Records provided:
lemma Cs_on_A_cong: "Cs_on_A k f \<Longrightarrow> \<forall>q\<in>Astrip. f q = g q \<Longrightarrow> Cs_on_A k g"
proof (induction k arbitrary: f g)
  case 0
  then show ?case by (simp add: Cs_on_A_0_iff cong: continuous_on_cong)
next
  case (Suc k)
  then have f: "continuous_on Astrip f" "Cs_on_A k (pd1 f)" "Cs_on_A k (pd2 f)"
    and ex: "\<forall>p\<in>Astrip. (\<exists>d. has_partial1 f d p) \<and> (\<exists>d. has_partial2 f d p)"
    unfolding Cs_on_A_Suc_iff by blast+
  have g: "has_partial1 g (pd1 f q) q \<and> has_partial2 g (pd2 f q) q" if q: "q \<in> Astrip" for q
  proof -
    obtain d1 d2 where "has_partial1 f d1 q" "has_partial2 f d2 q" using ex q by blast
    with q have "has_partial1 f (pd1 f q) q" "has_partial2 f (pd2 f q) q"
      using has_partial1_imp_pd1 has_partial2_imp_pd2 by simp_all
    with q Suc.prems(2) show ?thesis using has_partial1_cong has_partial2_cong by blast
  qed
  then have "\<forall>q\<in>Astrip. pd1 f q = pd1 g q" "\<forall>q\<in>Astrip. pd2 f q = pd2 g q"
    using has_partial1_imp_pd1 has_partial2_imp_pd2 by metis+
  then have "Cs_on_A k (pd1 g)" "Cs_on_A k (pd2 g)"
    using Suc.IH[OF f(2)] Suc.IH[OF f(3)] by blast+
  moreover have "continuous_on Astrip g"
    using f(1) Suc.prems(2) continuous_on_cong[of Astrip Astrip f g] by simp
  ultimately show ?case using g unfolding Cs_on_A_Suc_iff by blast
qed

lemma Cs_on_AI:
  assumes "continuous_on Astrip f"
    and "\<And>p. p \<in> Astrip \<Longrightarrow> has_partial1 f (Dxi p) p" "Cs_on_A k Dxi"
    and "\<And>p. p \<in> Astrip \<Longrightarrow> has_partial2 f (Deta p) p" "Cs_on_A k Deta"
  shows "Cs_on_A (Suc k) f"
proof -
  have "\<forall>q\<in>Astrip. Dxi q = pd1 f q" "\<forall>q\<in>Astrip. Deta q = pd2 f q"
    using assms(2,4) has_partial1_imp_pd1 has_partial2_imp_pd2 by metis+
  then have "Cs_on_A k (pd1 f)" "Cs_on_A k (pd2 f)"
    using Cs_on_A_cong assms(3,5) by blast+
  with assms(1,2,4) show ?thesis unfolding Cs_on_A_Suc_iff by blast
qed

lemma Cs_on_AD:
  assumes "Cs_on_A (Suc k) f"
  shows "continuous_on Astrip f"
    and "\<And>p. p \<in> Astrip \<Longrightarrow> has_partial1 f (pd1 f p) p" "Cs_on_A k (pd1 f)"
    and "\<And>p. p \<in> Astrip \<Longrightarrow> has_partial2 f (pd2 f p) p" "Cs_on_A k (pd2 f)"
proof -
  show "continuous_on Astrip f" "Cs_on_A k (pd1 f)" "Cs_on_A k (pd2 f)"
    using assms unfolding Cs_on_A_Suc_iff by blast+
  fix p assume p: "p \<in> Astrip"
  then obtain d1 d2 where "has_partial1 f d1 p" "has_partial2 f d2 p"
    using assms unfolding Cs_on_A_Suc_iff by blast
  with p show "has_partial1 f (pd1 f p) p" "has_partial2 f (pd2 f p) p"
    using has_partial1_imp_pd1 has_partial2_imp_pd2 by simp_all
qed

lemma Cs_on_A_const: "Cs_on_A k (\<lambda>p. c)"
proof (induction k arbitrary: c)
  case 0
  then show ?case by (simp add: Cs_on_A_0_iff)
next
  case (Suc k)
  show ?case
    by (rule Cs_on_AI[where Dxi="\<lambda>p. 0" and Deta="\<lambda>p. 0"])
      (auto simp: has_partial1_def has_partial2_def Suc.IH)
qed

lemma Cs_on_A_fst: "Cs_on_A k fst"
proof (cases k)
  case (Suc j)
  show ?thesis unfolding Suc
    by (rule Cs_on_AI[where Dxi="\<lambda>p. 1" and Deta="\<lambda>p. 0"])
      (auto simp: has_partial1_def has_partial2_def Cs_on_A_const continuous_on_fst)
qed (simp add: Cs_on_A_0_iff continuous_on_fst)

lemma Cs_on_A_snd: "Cs_on_A k snd"
proof (cases k)
  case (Suc j)
  show ?thesis unfolding Suc
    by (rule Cs_on_AI[where Dxi="\<lambda>p. 0" and Deta="\<lambda>p. 1"])
      (auto simp: has_partial1_def has_partial2_def Cs_on_A_const continuous_on_snd)
qed (simp add: Cs_on_A_0_iff continuous_on_snd)

lemma Cs_on_A_add: "Cs_on_A k f \<Longrightarrow> Cs_on_A k g \<Longrightarrow> Cs_on_A k (\<lambda>p. f p + g p)"
proof (induction k arbitrary: f g)
  case 0
  then show ?case by (simp add: Cs_on_A_0_iff continuous_on_add)
next
  case (Suc k)
  note f = Cs_on_AD[OF Suc.prems(1)] and g = Cs_on_AD[OF Suc.prems(2)]
  show ?case
  proof (rule Cs_on_AI[where Dxi="\<lambda>p. pd1 f p + pd1 g p" and Deta="\<lambda>p. pd2 f p + pd2 g p"])
    show "continuous_on Astrip (\<lambda>p. f p + g p)" using f(1) g(1) by (rule continuous_on_add)
    show "has_partial1 (\<lambda>p. f p + g p) (pd1 f p + pd1 g p) p" if "p \<in> Astrip" for p
      using f(2)[OF that] g(2)[OF that] unfolding has_partial1_def by (rule DERIV_add)
    show "has_partial2 (\<lambda>p. f p + g p) (pd2 f p + pd2 g p) p" if "p \<in> Astrip" for p
      using f(4)[OF that] g(4)[OF that] unfolding has_partial2_def by (rule DERIV_add)
  qed (intro Suc.IH f(3,5) g(3,5))+
qed

lemma Cs_on_A_mult: "Cs_on_A k f \<Longrightarrow> Cs_on_A k g \<Longrightarrow> Cs_on_A k (\<lambda>p. f p * g p)"
proof (induction k arbitrary: f g)
  case 0
  then show ?case by (simp add: Cs_on_A_0_iff continuous_on_mult)
next
  case (Suc k)
  note f = Cs_on_AD[OF Suc.prems(1)] and g = Cs_on_AD[OF Suc.prems(2)]
  have fk: "Cs_on_A k f" and gk: "Cs_on_A k g" using Suc.prems Cs_on_A_Suc_imp by blast+
  show ?case
  proof (rule Cs_on_AI[where Dxi="\<lambda>p. pd1 f p * g p + f p * pd1 g p"
                        and Deta="\<lambda>p. pd2 f p * g p + f p * pd2 g p"])
    show "continuous_on Astrip (\<lambda>p. f p * g p)" using f(1) g(1) by (rule continuous_on_mult)
    show "has_partial1 (\<lambda>p. f p * g p) (pd1 f p * g p + f p * pd1 g p) p" if "p \<in> Astrip" for p
      using DERIV_mult[OF f(2)[OF that, unfolded has_partial1_def] g(2)[OF that, unfolded has_partial1_def]]
      by (simp add: has_partial1_def mult.commute)
    show "has_partial2 (\<lambda>p. f p * g p) (pd2 f p * g p + f p * pd2 g p) p" if "p \<in> Astrip" for p
      using DERIV_mult[OF f(4)[OF that, unfolded has_partial2_def] g(4)[OF that, unfolded has_partial2_def]]
      by (simp add: has_partial2_def mult.commute)
  qed (intro Cs_on_A_add Suc.IH f(3,5) g(3,5) fk gk)+
qed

Work task:
Across the entries above, how many lines contain the string "where"? The number alone is the answer.

Solution to this exercise:
7